Переходной работой из этой зоны становится «Дзякутю – великолепные цветы и птицы» Кейичи Танаами. Ито Дзякутю – японский художник XVIII века, мастер цветов и птиц, его образы Танаами переносит на свой триптих, меняя композицию и наслаивая другие изображения, в том числе из комиксов. На формирование его творческого языка повлияли три основных момента: увиденный в детстве горящий после бомбардировки Токио в 1945 году – трансформация форм; знакомство с Энди Уорхолом в 1967 году – поп-арт; пережитая во время плеврита кома в 1981 году – психоделичность, сверхреальная детализированность изображений. На картине «Дзякутю – великолепные цветы и птицы» (2015) мы наблюдаем трансформацию пространства, симбиоз «райского» (птиц, деревьев) и «хтонического» (скелеты), живого и неживого. Так из зоны смерти мы переходим в зону «другого мира», искажённого пространства.

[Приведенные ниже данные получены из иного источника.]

lemma smooth_on_sum_products:
  fixes U :: "(real^'i) set"
  assumes U: "open U" and ps: "\<forall>(A, B)\<in>set ps. smooth_on U A \<and> smooth_on U B"
  shows "smooth_on U (sum_products ps)"
proof (rule smooth_onI_closed[OF U, where P = "\<lambda>h. \<exists>ps. (\<forall>(A, B)\<in>set ps. smooth_on U A \<and> smooth_on U B)
                                                     \<and> (\<forall>x\<in>U. h x = sum_products ps x)"])
  have deriv: "(sum_products ps has_derivative (\<lambda>v. sum_list (map (\<lambda>(A, B).
      frechet_derivative A (at x) v * B x + A x * frechet_derivative B (at x) v) ps))) (at x)"
    if "\<forall>(A, B)\<in>set ps. smooth_on U A \<and> smooth_on U B" "x \<in> U" for ps x
    by (rule has_derivative_sum_products) (use that smooth_on_imp_differentiable in fast)
  {
    fix h :: "real^'i \<Rightarrow> real" and x
    assume "\<exists>ps. (\<forall>(A, B)\<in>set ps. smooth_on U A \<and> smooth_on U B) \<and> (\<forall>x\<in>U. h x = sum_products ps x)"
      and x: "x \<in> U"
    then obtain ps where ps: "\<forall>(A, B)\<in>set ps. smooth_on U A \<and> smooth_on U B"
      "\<forall>x\<in>U. h x = sum_products ps x" by blast
    have ps_diff: "sum_products ps differentiable at x"
      by (rule differentiableI[OF deriv[OF ps(1) x]])
    show "h differentiable at x"
      by (rule differentiable_at_cong_open[OF U x _ ps_diff]) (use ps(2) in simp)
  next
    fix h :: "real^'i \<Rightarrow> real" and j
    assume "\<exists>ps. (\<forall>(A, B)\<in>set ps. smooth_on U A \<and> smooth_on U B) \<and> (\<forall>x\<in>U. h x = sum_products ps x)"
    then obtain ps where ps: "\<forall>(A, B)\<in>set ps. smooth_on U A \<and> smooth_on U B"
      "\<forall>x\<in>U. h x = sum_products ps x" by blast
    define ps' where "ps' = concat (map (\<lambda>(A, B). [(\<lambda>x. pd A x j, B), (A, \<lambda>x. pd B x j)]) ps)"
    have ps': "\<forall>(A, B)\<in>set ps'. smooth_on U A \<and> smooth_on U B"
      using ps(1) smooth_on_pd by (fastforce simp: ps'_def)
    have "pd h x j = sum_products ps' x" if x: "x \<in> U" for x
    proof -
      have "pd h x j = pd (sum_products ps) x j"
        by (rule pd_cong_open[OF U x]) (use ps(2) in simp)
      also have "\<dots> = sum_list (map (\<lambda>(A, B). pd A x j * B x + A x * pd B x j) ps)"
        using pd_eq_derivative[OF deriv[OF ps(1) x]] by (simp add: pd_def)
      also have "\<dots> = sum_products ps' x"
        unfolding ps'_def by (induction ps) (auto simp: sum_products_def)
      finally show ?thesis .
    qed
    then show "\<exists>h'. (\<exists>ps. (\<forall>(A, B)\<in>set ps. smooth_on U A \<and> smooth_on U B) \<and> (\<forall>x\<in>U. h' x = sum_products ps x))
        \<and> (\<forall>x\<in>U. pd h x j = h' x)"
      using ps' by blast
  }
qed (use ps in blast)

Кейичи Танаами. Дзякутю – великолепные цветы и птицы. 2015. Courtesy Gary Tatintsian Gallery and artist's studio

Другой мир – искажённое пространство

Здесь мы больше не увидим вещи такими, какими они были прежде. Вим Дельвуа создаёт «Перекошенный грузовик» (2012) по образу готического собора. С начала 2000-х он ведёт свой проект по преобразованию форм обыденных предметов в «ажурные и готические». Дельвуа даёт им новую образность и роль в мире. Вспоминая другие работы художника, такие как витражи из рентгеновских снимков, татуировки на живых свиньях и пол с рисунком из экскрементов, можно сказать, что его проект по преобразованию мира банальных вещей заряжен немалой долей иронии.

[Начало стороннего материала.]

(* Let $\mu$ be a finite Borel measure on $\mathbb{R}^d$. Then the following hold. (i) Let $A$ be an affine subspace of $\mathbb{R}^d$ that contains at least two points. Then \[ \operatorname{supp}(\mu|_A) \subseteq \operatorname{cl}_A\Big( \bigcup_{\alpha \geq 0} \operatorname{bd}_A\big( D_\alpha(\mu) \cap A \big) \Big). \] In particular (taking $A = \mathbb{R}^d$), \[ \operatorname{supp}(\mu) \subseteq \operatorname{cl}\Big( \bigcup_{\alpha \geq 0} \operatorname{bd}\big( D_\alpha(\mu) \big) \Big). \] (ii) If $x \in \mathbb{R}^d$ is an atom of $\mu$ (i.e. $\mu(\{x\}) > 0$) and $D(x;\mu) = \alpha$, then $x$ is an extreme point of $D_\beta(\mu)$ for every $\beta \in (\alpha - \mu(\{x\}), \alpha]$. (iii) Let $x \in \mathbb{R}^d$ with $D(x;\mu) = \alpha$, let $z \in U_\alpha(\mu)$, and let $y \in \mathbb{R}^d$ be such that $x$ belongs to the open line segment $L(y,z)$ between $y$ and $z$. Then \[ D(y;\mu) \leq D(x;\mu) - \mu(\{x\}). \]
   Context: A (closed) halfspace in $\mathbb{R}^d$ is a set $\{y \in \mathbb{R}^d : \langle y, u\rangle \leq c\}$ with $c \in \mathbb{R}$, $u \in \mathbb{R}^d\setminus\{0\}$. For $x \in \mathbb{R}^d$, let $\mathcal{H}(x)$ be the set of closed halfspaces whose boundary hyperplane contains $x$. For a finite Borel measure $\mu$ on $\mathbb{R}^d$, the halfspace (Tukey) depth of $x$ is $D(x;\mu) = \inf_{H \in \mathcal{H}(x)} \mu(H)$. For $\alpha \geq 0$, the central regions are $D_\alpha(\mu) = \{x \in \mathbb{R}^d : D(x;\mu) \geq \alpha\}$ and $U_\alpha(\mu) = \{x \in \mathbb{R}^d : D(x;\mu) > \alpha\}$. "Subspace" means affine subspace. For an affine subspace $A$ and $B \subseteq A$, $\operatorname{cl}_A(B)$ and $\operatorname{bd}_A(B)$ denote the closure and boundary of $B$ relative to $A$ (with its subspace topology); $\operatorname{cl}$, $\operatorname{bd}$ denote closure and boundary in $\mathbb{R}^d$. The restriction $\mu|_A$ is the Borel measure $\mu|_A(B) = \mu(B \cap A)$, and $\operatorname{supp}(\nu)$ is the smallest closed subset of $\mathbb{R}^d$ of full $\nu$-measure. For $x \neq y$, $L(x,y)$ denotes the open line segment between $x$ and $y$ (the segment without its endpoints). A point $z$ of a convex set $C$ is an extreme point of $C$ if $z$ is not the midpoint of any two distinct points of $C$ (equivalently $\{z\}$ is a face of $C$). *)

theory Defs
  imports "HOL-Analysis.Analysis"
begin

Вим Дельвуа. Перекошенный грузовик. 2012. Courtesy Gary Tatintsian Gallery and artist's studio

Пол Маккарти не только преобразует формы, но разрушает их смысл. Для проекта The Art of Chess в 2003 году он создаёт шахматную доску «Кухонный набор», собранную из довольно нелепых вещей из кухни, ванной, гостиной. Нарушая внешнюю форму игры, он пересоздаёт также её логику, собирая парадоксальную шахматную партию. Так художник выворачивает наизнанку древний символ шахмат как высокой культуры и рационального мышления.


Пол Маккарти. Кухонный набор. 2003. Из коллекции ГЦСИ

Биологическую трансформацию мы наблюдаем в манипуляциях с телесностью Эрвина Вурманам представлена рука, вырастающая из розовой массы. Это произведение можно рассматривать как продолжение серии знаменитых «одноминутных скульптур» Вурма, когда грань между телом, перформансом и скульптурой стирается, и результатом становятся«невозможные объекты».

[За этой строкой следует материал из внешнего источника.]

(* Since minimal zeros with a common support are proportional, the minimal zeros whose
   support lies in a set M of supports can be replaced by at most card M
   representatives without changing the span. *)
lemma minimal_zeros_span_reduction:
  fixes A :: "real^'n^'n"
  assumes cop: "copositive A" and span: "span (minimal_zeros A) = UNIV"
  shows "\<exists>R. finite R \<and> card R \<le> card M \<and>
           span ({u \<in> minimal_zeros A. supp u \<notin> M} \<union> R) = UNIV"
proof -
  define r where "r J = (SOME u. u \<in> minimal_zeros A \<and> supp u = J)" for J
  let ?U = "{u \<in> minimal_zeros A. supp u \<notin> M}"
  have rep: "r (supp u) \<in> minimal_zeros A \<and> supp (r (supp u)) = supp u"
    if u: "u \<in> minimal_zeros A" for u
    unfolding r_def
    by (rule someI[where P = "\<lambda>v. v \<in> minimal_zeros A \<and> supp v = supp u" and x = u]) (simp add: u)
  have covered: "u \<in> span (?U \<union> r ` M)" if u: "u \<in> minimal_zeros A" for u
  proof (cases "supp u \<in> M")
    case True
    have "supp u = supp (r (supp u))" using rep[OF u] by simp
    then obtain t where t: "u = t *\<^sub>R r (supp u)"
      using minimal_zeros_same_supp_parallel[OF cop u conjunct1[OF rep[OF u]]] by blast
    have "r (supp u) \<in> span (?U \<union> r ` M)" using True by (intro span_base) blast
    then have "t *\<^sub>R r (supp u) \<in> span (?U \<union> r ` M)" by (rule span_mul)
    then show ?thesis using t by metis
  next
    case False
    then show ?thesis using u by (intro span_base) blast
  qed
  have "span (minimal_zeros A) \<subseteq> span (?U \<union> r ` M)"
    using covered by (intro span_minimal subsetI subspace_span)
  then have "span (?U \<union> r ` M) = UNIV" using span by (simp add: top_unique)
  moreover have "finite (r ` M)" "card (r ` M) \<le> card M" by (simp_all add: card_image_le)
  ultimately show ?thesis by blast
qed

(* The neighbours of a component C in the bipartite graph G_{>2}: the supports of
   cardinality greater than 2 meeting C. *)
definition large_support_neighbours :: "'n set set \<Rightarrow> 'n set \<Rightarrow> 'n set set" where
  "large_support_neighbours I C = {J \<in> I. 2 < card J \<and> J \<inter> C \<noteq> {}}"

(* The colouring vector of a bipartite component C is orthogonal to every minimal zero
   whose support is not a neighbour of C in G_{>2}: supports of size 2 are edges of G_2,
   and larger supports avoid C. *)
lemma colouring_vector_orthogonal_minimal_zero:
  fixes A :: "real^'n^'n"
  assumes cop: "copositive A" and diag: "\<forall>i. A$i$i = 1"
    and C: "C \<in> G2_bipartite_components (supp_minimal_zeros A)"
    and u: "u \<in> minimal_zeros A"
    and far: "supp u \<notin> large_support_neighbours (supp_minimal_zeros A) C"
  shows "colouring_vector (supp_minimal_zeros A) C \<bullet> u = 0"
proof -
  have z: "is_zero A u" using u unfolding minimal_zeros_def by blast
  have I: "supp u \<in> supp_minimal_zeros A" using u unfolding supp_minimal_zeros_def by blast
  have "2 \<le> card (supp u)" using zero_supp_card_ge_2[OF cop _ z] diag by simp
  then consider "card (supp u) = 2" | "2 < card (supp u)" by linarith
  then show ?thesis
  proof cases
    case 1
    then obtain i j where ij: "supp u = {i, j}" "i \<noteq> j" by (auto simp: card_2_iff)
    have "G2_adj (supp_minimal_zeros A) i j" using I ij 1 unfolding G2_adj_def by simp
    moreover have "u$i = u$j" by (rule zero_supp_card_2_equal_entries[OF cop diag z ij])
    ultimately show ?thesis using colouring_vector_orthogonal_edge_vector[OF C _ ij(1)] by blast
  next
    case 2
    then have "C \<inter> supp u = {}" using far I unfolding large_support_neighbours_def by blast
    then show ?thesis by (intro inner_disjoint_supp) (simp add: supp_colouring_vector)
  qed
qed

(* For a set S of components with neighbourhood M, the minimal zeros with support
   outside M, plus at most card M representatives, span the space; the card S
   independent colouring vectors of S are orthogonal to the former, so
   card S <= card M. *)
lemma hall_condition_bipartite_components:
  fixes A :: "real^'n^'n"
  assumes cop: "copositive A" and diag: "\<forall>i. A$i$i = 1"
    and span: "span (minimal_zeros A) = UNIV"
  shows "hall_condition (G2_bipartite_components (supp_minimal_zeros A))
           (large_support_neighbours (supp_minimal_zeros A))"
  unfolding hall_condition_def
proof (intro allI impI)
  let ?I = "supp_minimal_zeros A"
  fix S assume S: "S \<subseteq> G2_bipartite_components ?I"
  let ?M = "\<Union>(large_support_neighbours ?I ` S)"
  obtain R where R: "finite R" "card R \<le> card ?M"
    "span ({u \<in> minimal_zeros A. supp u \<notin> ?M} \<union> R) = UNIV"
    using minimal_zeros_span_reduction[OF cop span] by blast
  have comps: "S \<subseteq> G2_components ?I" using S unfolding G2_bipartite_components_def by blast
  have "card (colouring_vector ?I ` S) \<le> card R"
  proof (rule card_independent_orthogonal_le[OF R(3) R(1) colouring_vectors_independent(1)[OF comps]])
    fix z u assume "z \<in> colouring_vector ?I ` S" and u: "u \<in> {u \<in> minimal_zeros A. supp u \<notin> ?M}"
    then obtain C where "C \<in> S" "z = colouring_vector ?I C" by blast
    then show "orthogonal z u"
      using colouring_vector_orthogonal_minimal_zero[OF cop diag, of C u] S u
      unfolding orthogonal_def by blast
  qed
  then show "card S \<le> card ?M" using colouring_vectors_independent(2)[OF comps] R(2) by linarith
qed

theorem lemma5p2:
  fixes A :: "real^'n^'n"
  assumes "copositive A"
    and "\<forall>i. A$i$i = 1"
    and "span (minimal_zeros A) = UNIV"
  shows "\<exists>w :: 'n set \<Rightarrow> 'n set.
           inj_on w (G2_bipartite_components (supp_minimal_zeros A)) \<and>
           (\<forall>C \<in> G2_bipartite_components (supp_minimal_zeros A).
              w C \<in> supp_minimal_zeros A \<and> card (w C) > 2 \<and> (\<exists>v \<in> C. v \<in> w C))"
proof -
  let ?I = "supp_minimal_zeros A"
  let ?K = "G2_bipartite_components ?I"
  have "hall_condition ?K (large_support_neighbours ?I)"
    by (rule hall_condition_bipartite_components[OF assms])
  then obtain w where "inj_on w ?K" "\<forall>C\<in>?K. w C \<in> large_support_neighbours ?I C"
    using hall_marriage[of ?K "large_support_neighbours ?I"] by auto
  then show ?thesis unfolding large_support_neighbours_def by blast
qed

end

Эрвин Вурм. Без названия. 2008. Из коллекции ГЦСИ

Искажаются биологические формы и само сознание. Работа «Овал» Тони Оурслера (2005) состоит из двух персонажей, сплетённых вместе, – мужчины и женщины. От их облика остались только глаза и рот, от их сознания – только обрывки видений, воспоминаний и желаний. Они ведут между собой полусонный абсурдный диалог. Оурслер показывает этой работой, как легко потерять голову в нашем мире, где развитие технологий так стремительно, а граница между виртуальным и реальным становится всё тоньше. И мы меняемся сами. Тони Оурслер в 70-х начинал с нарочито примитивистских, но всегда драматических спектаклей. Со временем он стал использовать видеопроекции на фигурах и предметах, а затем создавать сложносоставные проекции из различных частей тела (лица), изобретая удивительные биоморфные формы.


Тони Оурслер. Овал. 2005. Из коллекции ГЦСИ

Линию искажения продолжает Питер Соул: его герои заполняют пространство холстов своими деформированными формами и ядовитыми цветами. Они то ли герои комиксов, то ли герои жёлтой прессы, погрязшие в пороке: «Самоубийство Уолл-стрит» (2012), «Женщина, пьющая мартини» (2009). Так художник в гипертрофированном виде обнажает уродства современного мира. Соул вырабатывает свой так называемый стиль «плохой» живописи постепенно: он начинает еще в 50-е, и главными героями его картин в то время становятся Дональд Дак и Супермен; его называют «отцом поп-арта» и основателем неосюрреализма.


Работы Питера Соула: «Самоубийство Уолл-стрит» (2012), «Женщина, пьющая мартини» (2009). Courtesy Gary Tatintsian Gallery and artist's studio

Джорж Кондо не создаёт мутацию реальности, а предлагает мутацию искусства – он разрабатывает свою вымышленную типологию образа на основе комиксов, мультфильмов и картин Пабло Пикассо. Его персонажи похожи между собой и имеют типичные черты, как на картине «Голова-коротышка» (2009): торчащие круглые уши, выразительные глаза, двойная челюсть. Портрет большой, монументальный, подчёркивающий значимость этого образа, который вызывает у нас помесь любопытства с неприязнью. Своё искусство Кондо в конце 80-х назвал «искусственным реализмом», расшифровывая это как «реалистичное изображение искусственного». Джорж Кондо изучал историю искусств в Массачусетском университете, а затем много лет посвятил изучению живописи старых мастеров и классиков ХХ века.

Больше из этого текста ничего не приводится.